*** Opening of MATERIAL FOR THIS TASK ***

(* Let $n,m\ge1$ be fixed and let $\alpha>0$, $\beta\ge0$ be fixed constants. There exists a constant $c$, independent of $N$, with the following property. Let $N\ge1$ and let $\mathbf A_i,\mathbf Q_i\in\mathbb R^{n\times n}$, $\mathbf B_i,\mathbf S_i\in\mathbb R^{n\times m}$, $\mathbf R_i\in\mathbb R^{m\times m}$ ($1\le i\le N$), $\mathbf T\in\mathbb R^{n\times n}$, with $\mathbf Q_i,\mathbf R_i,\mathbf T$ symmetric, satisfy: the smallest eigenvalues of $\mathbf T$ and of each $\begin{pmatrix}\mathbf Q_i&\mathbf S_i\\ \mathbf S_i^{\mathsf T}&\mathbf R_i\end{pmatrix}$ exceed $\alpha$; $\|\mathbf A_i\|_\infty\le1/4$ and $\|\mathbf A_i^{\mathsf T}\|_\infty\le1/4$; all these matrices have norm at most $\beta$. Suppose (P1) $\mathbf D_{1:N}$ is invertible with $\|\mathbf D_{1:N}^{-1}\|_\infty\le2$, and (P2) every row of $[\mathbf W^{1/2}\mathbf D_{1:N}]^{-1}$ has Euclidean norm at most $\sqrt2$. Then for every $\mathbf y$, the solution $(\mathbf X,\mathbf U,\boldsymbol\Lambda)$ of $\nabla\mathcal T^*[\mathbf X,\mathbf U,\boldsymbol\Lambda]=\mathbf y$ satisfies $$\|\mathbf X\|_\infty+\|\mathbf U\|_\infty+\|\boldsymbol\Lambda\|_\infty\le c\|\mathbf y\|_\infty.$$
   Context: $-1<\tau_1<\dots<\tau_N<1$ are the $N$ Gauss abscissas (roots of the degree-$N$ Legendre polynomial), $\omega_1,\dots,\omega_N>0$ the Gauss weights, $\tau_0=-1$, $\mathbf W=\mathrm{diag}(\omega_1,\dots,\omega_N)$. $D_{ij}=\dot L_j(\tau_i)$ ($1\le i\le N$, $0\le j\le N$) with $L_j(\tau)=\prod_{k=0,k\ne j}^N\frac{\tau-\tau_k}{\tau_j-\tau_k}$, $\mathbf D_{1:N}=(D_{ij})_{1\le i,j\le N}$; $D^\dagger_{ij}=-(\omega_j/\omega_i)D_{ji}$ for $1\le i,j\le N$ and $D^\dagger_{i,N+1}=-\sum_{j=1}^ND^\dagger_{ij}$. Matrix $\|\cdot\|_\infty$ is the largest absolute row sum. The linear map $\nabla\mathcal T^*$ sends $(\mathbf X_1,\dots,\mathbf X_{N+1},\mathbf U_1,\dots,\mathbf U_N,\boldsymbol\Lambda_1,\dots,\boldsymbol\Lambda_{N+1})$ (blocks in $\mathbb R^n,\mathbb R^m,\mathbb R^n$) to $\mathbf y=(\mathbf y_1,\dots,\mathbf y_5)$ with $\mathbf y_{1i}=\sum_{j=1}^ND_{ij}\mathbf X_j-\mathbf A_i\mathbf X_i-\mathbf B_i\mathbf U_i$; $\mathbf y_2=\mathbf X_{N+1}-\sum_{j=1}^N\omega_j(\mathbf A_j\mathbf X_j+\mathbf B_j\mathbf U_j)$; $\mathbf y_{3i}=\sum_{j=1}^{N+1}D^\dagger_{ij}\boldsymbol\Lambda_j+\mathbf A_i^{\mathsf T}\boldsymbol\Lambda_i+\mathbf Q_i\mathbf X_i+\mathbf S_i\mathbf U_i$; $\mathbf y_4=\boldsymbol\Lambda_{N+1}-\mathbf T\mathbf X_{N+1}$; $\mathbf y_{5i}=\mathbf S_i^{\mathsf T}\mathbf X_i+\mathbf R_i\mathbf U_i+\mathbf B_i^{\mathsf T}\boldsymbol\Lambda_i$ ($1\le i\le N$). For block vectors, $\|\cdot\|_\infty$ is the maximum Euclidean norm of the blocks. (In the paper the matrices are the derivatives of the dynamics, Hamiltonian and terminal cost along the optimal solution at the Gauss points, and the conditions above are assumptions (A2),(A3),(P1),(P2).) *)

theory Defs
  imports "HOL-Analysis.Analysis"
begin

*** Close of MATERIAL FOR THIS TASK ***

• _EXERCISE DETAILS_:
Each of the records should be retyped exactly.

• _REPLY_:
(* Let $n,m\ge1$ be fixed and let $\alpha>0$, $\beta\ge0$ be fixed constants. There exists a constant $c$, independent of $N$, with the following property. Let $N\ge1$ and let $\mathbf A_i,\mathbf Q_i\in\mathbb R^{n\times n}$, $\mathbf B_i,\mathbf S_i\in\mathbb R^{n\times m}$, $\mathbf R_i\in\mathbb R^{m\times m}$ ($1\le i\le N$), $\mathbf T\in\mathbb R^{n\times n}$, with $\mathbf Q_i,\mathbf R_i,\mathbf T$ symmetric, satisfy: the smallest eigenvalues of $\mathbf T$ and of each $\begin{pmatrix}\mathbf Q_i&\mathbf S_i\\ \mathbf S_i^{\mathsf T}&\mathbf R_i\end{pmatrix}$ exceed $\alpha$; $\|\mathbf A_i\|_\infty\le1/4$ and $\|\mathbf A_i^{\mathsf T}\|_\infty\le1/4$; all these matrices have norm at most $\beta$. Suppose (P1) $\mathbf D_{1:N}$ is invertible with $\|\mathbf D_{1:N}^{-1}\|_\infty\le2$, and (P2) every row of $[\mathbf W^{1/2}\mathbf D_{1:N}]^{-1}$ has Euclidean norm at most $\sqrt2$. Then for every $\mathbf y$, the solution $(\mathbf X,\mathbf U,\boldsymbol\Lambda)$ of $\nabla\mathcal T^*[\mathbf X,\mathbf U,\boldsymbol\Lambda]=\mathbf y$ satisfies $$\|\mathbf X\|_\infty+\|\mathbf U\|_\infty+\|\boldsymbol\Lambda\|_\infty\le c\|\mathbf y\|_\infty.$$
   Context: $-1<\tau_1<\dots<\tau_N<1$ are the $N$ Gauss abscissas (roots of the degree-$N$ Legendre polynomial), $\omega_1,\dots,\omega_N>0$ the Gauss weights, $\tau_0=-1$, $\mathbf W=\mathrm{diag}(\omega_1,\dots,\omega_N)$. $D_{ij}=\dot L_j(\tau_i)$ ($1\le i\le N$, $0\le j\le N$) with $L_j(\tau)=\prod_{k=0,k\ne j}^N\frac{\tau-\tau_k}{\tau_j-\tau_k}$, $\mathbf D_{1:N}=(D_{ij})_{1\le i,j\le N}$; $D^\dagger_{ij}=-(\omega_j/\omega_i)D_{ji}$ for $1\le i,j\le N$ and $D^\dagger_{i,N+1}=-\sum_{j=1}^ND^\dagger_{ij}$. Matrix $\|\cdot\|_\infty$ is the largest absolute row sum. The linear map $\nabla\mathcal T^*$ sends $(\mathbf X_1,\dots,\mathbf X_{N+1},\mathbf U_1,\dots,\mathbf U_N,\boldsymbol\Lambda_1,\dots,\boldsymbol\Lambda_{N+1})$ (blocks in $\mathbb R^n,\mathbb R^m,\mathbb R^n$) to $\mathbf y=(\mathbf y_1,\dots,\mathbf y_5)$ with $\mathbf y_{1i}=\sum_{j=1}^ND_{ij}\mathbf X_j-\mathbf A_i\mathbf X_i-\mathbf B_i\mathbf U_i$; $\mathbf y_2=\mathbf X_{N+1}-\sum_{j=1}^N\omega_j(\mathbf A_j\mathbf X_j+\mathbf B_j\mathbf U_j)$; $\mathbf y_{3i}=\sum_{j=1}^{N+1}D^\dagger_{ij}\boldsymbol\Lambda_j+\mathbf A_i^{\mathsf T}\boldsymbol\Lambda_i+\mathbf Q_i\mathbf X_i+\mathbf S_i\mathbf U_i$; $\mathbf y_4=\boldsymbol\Lambda_{N+1}-\mathbf T\mathbf X_{N+1}$; $\mathbf y_{5i}=\mathbf S_i^{\mathsf T}\mathbf X_i+\mathbf R_i\mathbf U_i+\mathbf B_i^{\mathsf T}\boldsymbol\Lambda_i$ ($1\le i\le N$). For block vectors, $\|\cdot\|_\infty$ is the maximum Euclidean norm of the blocks. (In the paper the matrices are the derivatives of the dynamics, Hamiltonian and terminal cost along the optimal solution at the Gauss points, and the conditions above are assumptions (A2),(A3),(P1),(P2).) *)

theory Defs
  imports "HOL-Analysis.Analysis"
begin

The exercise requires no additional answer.